Descending

Into The Spiral of Madness

I know what you’re all thinking: there have not been enough blog posts this year. As always, my highly intelligent readers are right, and as always, you’re just gonna have to live with that because I’m not changing the way anything works. SGC happens when it happens.

And today. As it snows in April. SGC. Is. Happening.

Let’s begin.

In The Beginning, A Favor Was Asked

I was sitting at my battlestation doing some very ordinary REDACTED work for REDACTED, and friend of the blog, Samuel “Shader Objects” Pitoiset (he has legally changed his name, please be respectful), came to me with a simple request. He wanted to enable VK_EXT_shader_object for the radv-zink jobs in mesa CI as the final part of his year-long bringup for the extension. This meant that all the tests passing without shader objects needed to also pass with shader objects.

This should’ve been easy; it was over a year ago that the Khronos blog famously and confusingly announced that pipelines were dead and nobody should ever use them again (paraphrased). A year is more than enough time for everyone to collectively get their shit together.

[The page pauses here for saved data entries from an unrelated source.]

(* Let $n$ and $t$ be positive integers with $t\le n$, and let $G_{n,t}$ be the subgroup of the group $(\mathcal{P}[n],\triangle)$ generated by the sets $g_1,g_2,\ldots,g_t\subseteq[n]$ constructed below. Then (i) $|G_{n,t}|=2^t$; and (ii) every non-zero (i.e. non-empty) element of $G_{n,t}$ intersects every cyclic translate modulo $n$ of $[t]$, that is, every set of the form $\{s+1,s+2,\ldots,s+t\}$ with $s\in\mathbb{Z}$, where each element is replaced by its representative in $[n]=\{1,\ldots,n\}$ modulo $n$.
   Context: $\mathcal{P}[n]$ denotes the power set of $[n]=\{1,2,\ldots,n\}$, which is an abelian group under symmetric difference $A\triangle B=(A\setminus B)\cup(B\setminus A)$, with identity (zero) the empty set. For integers $y$ and $z>0$, $[y]_z$ denotes the least strictly positive residue of $y$ modulo $z$ (so $[y]_z\in\{1,\ldots,z\}$). Construction. Apply Euclid's algorithm to $n$ and $t$: set $r_{-1}=n$, $r_0=t$, and for $i\ge1$ write $r_{i-2}=q_ir_{i-1}+r_i$ with $0\le r_i<r_{i-1}$, stopping at the first index $k\ge1$ with $r_k=0$. Thus $n=q_1t+r_1$, $t=q_2r_1+r_2$, $r_1=q_3r_2+r_3$, $\ldots$, $r_{k-2}=q_kr_{k-1}$, with $t>r_1>\cdots>r_{k-1}>0$. Define partial sums $n_m=q_1t+q_3r_2+\cdots+q_{2m-1}r_{2m-2}$ (for $m\ge0$ with $2m-1\le k$) and $t_m=q_2r_1+q_4r_3+\cdots+q_{2m}r_{2m-1}$ (for $m\ge0$ with $2m\le k$), with $n_0=t_0=0$. (Then $n=n_m+r_{2m-1}$ and $t=t_m+r_{2m}$.) Fix $i$ with $1\le i\le t$, and let $a$ be maximal (among indices for which $t_a$ is defined) with $t_a<i$. For $0\le j\le a$ set $g_i^{(j)}=\{x\in(n_j,n_{j+1}]\cap\mathbb{Z}: x-n_j\equiv i-t_j \pmod{r_{2j}}\}$, and set $g_i^{(a+1)}=\{n_{a+1}+[i-t_a]_{r_{2a+1}}\}$ if $k\ne 2a+1$, and $g_i^{(a+1)}=\emptyset$ if $k=2a+1$. Finally let $g_i=\bigcup_{j=0}^{a+1}g_i^{(j)}\subseteq[n]$. *)

theory Defs
  imports Main "HOL-Algebra.Generated_Groups"
begin

text \<open>Euclid's algorithm on n and t. eu n t 0 = r_{-1} = n, eu n t (i+1) = r_i.\<close>
fun eu :: "nat \<Rightarrow> nat \<Rightarrow> nat \<Rightarrow> nat" where
  "eu n t 0 = n"
| "eu n t (Suc 0) = t"
| "eu n t (Suc (Suc i)) = eu n t i mod eu n t (Suc i)"

definition rem :: "nat \<Rightarrow> nat \<Rightarrow> nat \<Rightarrow> nat" where
  "rem n t i = eu n t (Suc i)"

text \<open>q_i for i >= 1: r_{i-2} = q_i r_{i-1} + r_i\<close>
definition quo :: "nat \<Rightarrow> nat \<Rightarrow> nat \<Rightarrow> nat" where
  "quo n t i = eu n t (i - 1) div eu n t i"

definition euk :: "nat \<Rightarrow> nat \<Rightarrow> nat" where
  "euk n t = (LEAST k. 1 \<le> k \<and> rem n t k = 0)"

definition nn :: "nat \<Rightarrow> nat \<Rightarrow> nat \<Rightarrow> nat" where
  "nn n t m = (\<Sum>j=1..m. quo n t (2*j - 1) * rem n t (2*j - 2))"

definition tt :: "nat \<Rightarrow> nat \<Rightarrow> nat \<Rightarrow> nat" where
  "tt n t m = (\<Sum>j=1..m. quo n t (2*j) * rem n t (2*j - 1))"

text \<open>a: maximal index with t_a defined (2a <= k) and t_a < i\<close>
definition aa :: "nat \<Rightarrow> nat \<Rightarrow> nat \<Rightarrow> nat" where
  "aa n t i = (GREATEST a. 2*a \<le> euk n t \<and> tt n t a < i)"

text \<open>least strictly positive residue [y]_z\<close>
definition lpr :: "int \<Rightarrow> int \<Rightarrow> int" where
  "lpr y z = (y - 1) mod z + 1"

definition gpart :: "nat \<Rightarrow> nat \<Rightarrow> nat \<Rightarrow> nat \<Rightarrow> nat set" where
  "gpart n t i j = {x. nn n t j < x \<and> x \<le> nn n t (Suc j) \<and>
      (int x - int (nn n t j)) mod int (rem n t (2*j)) = (int i - int (tt n t j)) mod int (rem n t (2*j))}"

definition gtop :: "nat \<Rightarrow> nat \<Rightarrow> nat \<Rightarrow> nat set" where
  "gtop n t i = (let a = aa n t i in
     if euk n t = 2*a + 1 then {}
     else {nat (int (nn n t (Suc a)) + lpr (int i - int (tt n t a)) (int (rem n t (2*a + 1))))})"

definition gset :: "nat \<Rightarrow> nat \<Rightarrow> nat \<Rightarrow> nat set" where
  "gset n t i = (\<Union>j\<le>aa n t i. gpart n t i j) \<union> gtop n t i"

definition PG :: "nat \<Rightarrow> nat set monoid" where
  "PG n = \<lparr>carrier = Pow {1..n}, mult = (\<lambda>A B. (A - B) \<union> (B - A)), one = {}\<rparr>"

Or so you might think.

Turns out shader objects are hard. This simple ask sent me down a rabbithole the likes of which I had never imagined.

It started normally enough. There were a few zink tests which failed when shader objects were enabled. Nobody was surprised; I wrote the zink usage before validation support had landed and also before anything but lavapipe supported it. As everyone is well aware, lavapipe is the best and most handsome Vulkan driver, and just by using it you eliminate all bugs that your application may have. RADV is not, and so there are bugs.

A number of them were simple:

invalid location assignment for patch variables
harmless VVL spam about missing dynamic state setters
Vulkan spec had broken corner cases
reporting wrong value for max patch components
also patch variables were differently broken in another way

The list goes on, and longtime followers of the blog are nodding to themselves as they skim the issues, confirming that they would have applied all the same one-liner fixes.

Then it started to get crazy.

Locations, How Do They Work?

I’m a genius, so obviously I know how this all works. That’s why I’m writing this blog. Right?

Right. Good. So Samuel comes to me, and he hits me with this absolute brainbuster of an issue. An issue so tough that I have to perform an internet search to find a credible authority on the topic. I found this amazing and informative site that exactly described the issue Samuel had posted. I followed the staggering intellect of the formidable author and blah blah blah yeah obviously the only person I’d find writing about an issue I have to solve is past-me who was too fucking lazy to actually solve it.

I started looking into this more deeply after taking a moment to fix a different issue related to location assignment that Samuel was too lazy to file a ticket for and thus has deprived the blog of potential tests that readers could run to examine and debug the issue for themselves. But the real work was happening elsewhere.

Deeper

Now we’re getting to the good stuff. I hope everyone has their regulation-thickness safety helmet strapped on and splatter guards raised to full height because you’ll need them both.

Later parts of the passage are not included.